There are useful methods in java.util.Collections for shuffling whole collections: Collections.shuffle(List<?>) and Collections.shuffle(List<?> list, Random rnd) . java.util.Collections有一些有用的方法可以对整个集合进行混洗: Collections.shuffle(List<?>)Collections.shuffle(List<?> list, Random rnd)

Fast solution for Java using an ArrayList and a HashMap : [element -> index].使用ArrayListHashMap Java 快速解决方案:[元素 -> 索引]。

Motivation: I needed a set of items with RandomAccess properties, especially to pick a random item from the set (see pollRandom method).动机:我需要一组具有RandomAccess属性的项目,尤其是从集合中挑选一个随机项目(参见pollRandom方法)。 Random navigation in a binary tree is not accurate: trees are not perfectly balanced, which would not lead to a uniform distribution.二叉树中的随机导航不准确:树不是完全平衡的,这不会导致均匀分布。

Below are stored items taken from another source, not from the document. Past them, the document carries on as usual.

definition compl_time :: "(nat \<Rightarrow> real) \<Rightarrow> (nat \<Rightarrow> real) \<Rightarrow> operation list \<Rightarrow> nat \<Rightarrow> real" where
  "compl_time t p \<sigma> j = completion_at t p \<sigma> (THE i. i < length \<sigma> \<and> \<sigma> ! i = Proc j)"

definition cost :: "nat \<Rightarrow> (nat \<Rightarrow> real) \<Rightarrow> (nat \<Rightarrow> real) \<Rightarrow> operation list \<Rightarrow> real" where
  "cost n t p \<sigma> = (\<Sum>j<n. compl_time t p \<sigma> j)"

definition OPT :: "nat \<Rightarrow> (nat \<Rightarrow> real) \<Rightarrow> (nat \<Rightarrow> real) \<Rightarrow> real" where
  "OPT n t p = Min {cost n t p \<sigma> | \<sigma>. feasible_schedule n \<sigma>}"

definition available :: "nat \<Rightarrow> operation list \<Rightarrow> operation set" where
  "available n d = {Test j | j. j < n \<and> Test j \<notin> set d} \<union>
                   {Proc j | j. j < n \<and> Test j \<in> set d \<and> Proc j \<notin> set d}"

fun priority :: "real \<Rightarrow> (nat \<Rightarrow> real) \<Rightarrow> (nat \<Rightarrow> real) \<Rightarrow> operation \<Rightarrow> real" where
  "priority \<beta> t p (Test j) = \<beta> * t j"
| "priority \<beta> t p (Proc j) = p j"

public class RandomSet<E> extends AbstractSet<E> {

    List<E> dta = new ArrayList<E>();
    Map<E, Integer> idx = new HashMap<E, Integer>();

    public RandomSet() {
    }

    public RandomSet(Collection<E> items) {
        for (E item : items) {
            idx.put(item, dta.size());
            dta.add(item);
        }
    }

    @Override
    public boolean add(E item) {
        if (idx.containsKey(item)) {
            return false;
        }
        idx.put(item, dta.size());
        dta.add(item);
        return true;
    }

    /**
     * Override element at position <code>id</code> with last element.
     * @param id
     */
    public E removeAt(int id) {
        if (id >= dta.size()) {
            return null;
        }
        E res = dta.get(id);
        idx.remove(res);
        E last = dta.remove(dta.size() - 1);
        // skip filling the hole if last is removed
        if (id < dta.size()) {
            idx.put(last, id);
            dta.set(id, last);
        }
        return res;
    }

    @Override
    public boolean remove(Object item) {
        @SuppressWarnings(value = "element-type-mismatch")
        Integer id = idx.get(item);
        if (id == null) {
            return false;
        }
        removeAt(id);
        return true;
    }

    public E get(int i) {
        return dta.get(i);
    }

    public E pollRandom(Random rnd) {
        if (dta.isEmpty()) {
            return null;
        }
        int id = rnd.nextInt(dta.size());
        return removeAt(id);
    }

    @Override
    public int size() {
        return dta.size();
    }

    @Override
    public Iterator<E> iterator() {
        return dta.iterator();
    }
}

This is faster than the for-each loop in the accepted answer:这比接受的答案中的 for-each 循环更快:

int index = rand.nextInt(set.size());
Iterator<Object> iter = set.iterator();
for (int i = 0; i < index; i++) {
    iter.next();
}
return iter.next();

The for-each construct calls Iterator.hasNext() on every loop, but since index < set.size() , that check is unnecessary overhead. for-each 构造在每个循环中调用Iterator.hasNext() ,但由于index < set.size() ,该检查是不必要的开销。 I saw a 10-20% boost in speed, but YMMV.我看到速度提高了 10-20%,但是 YMMV。 (Also, this compiles without having to add an extra return statement.) (此外,无需添加额外的 return 语句即可编译。)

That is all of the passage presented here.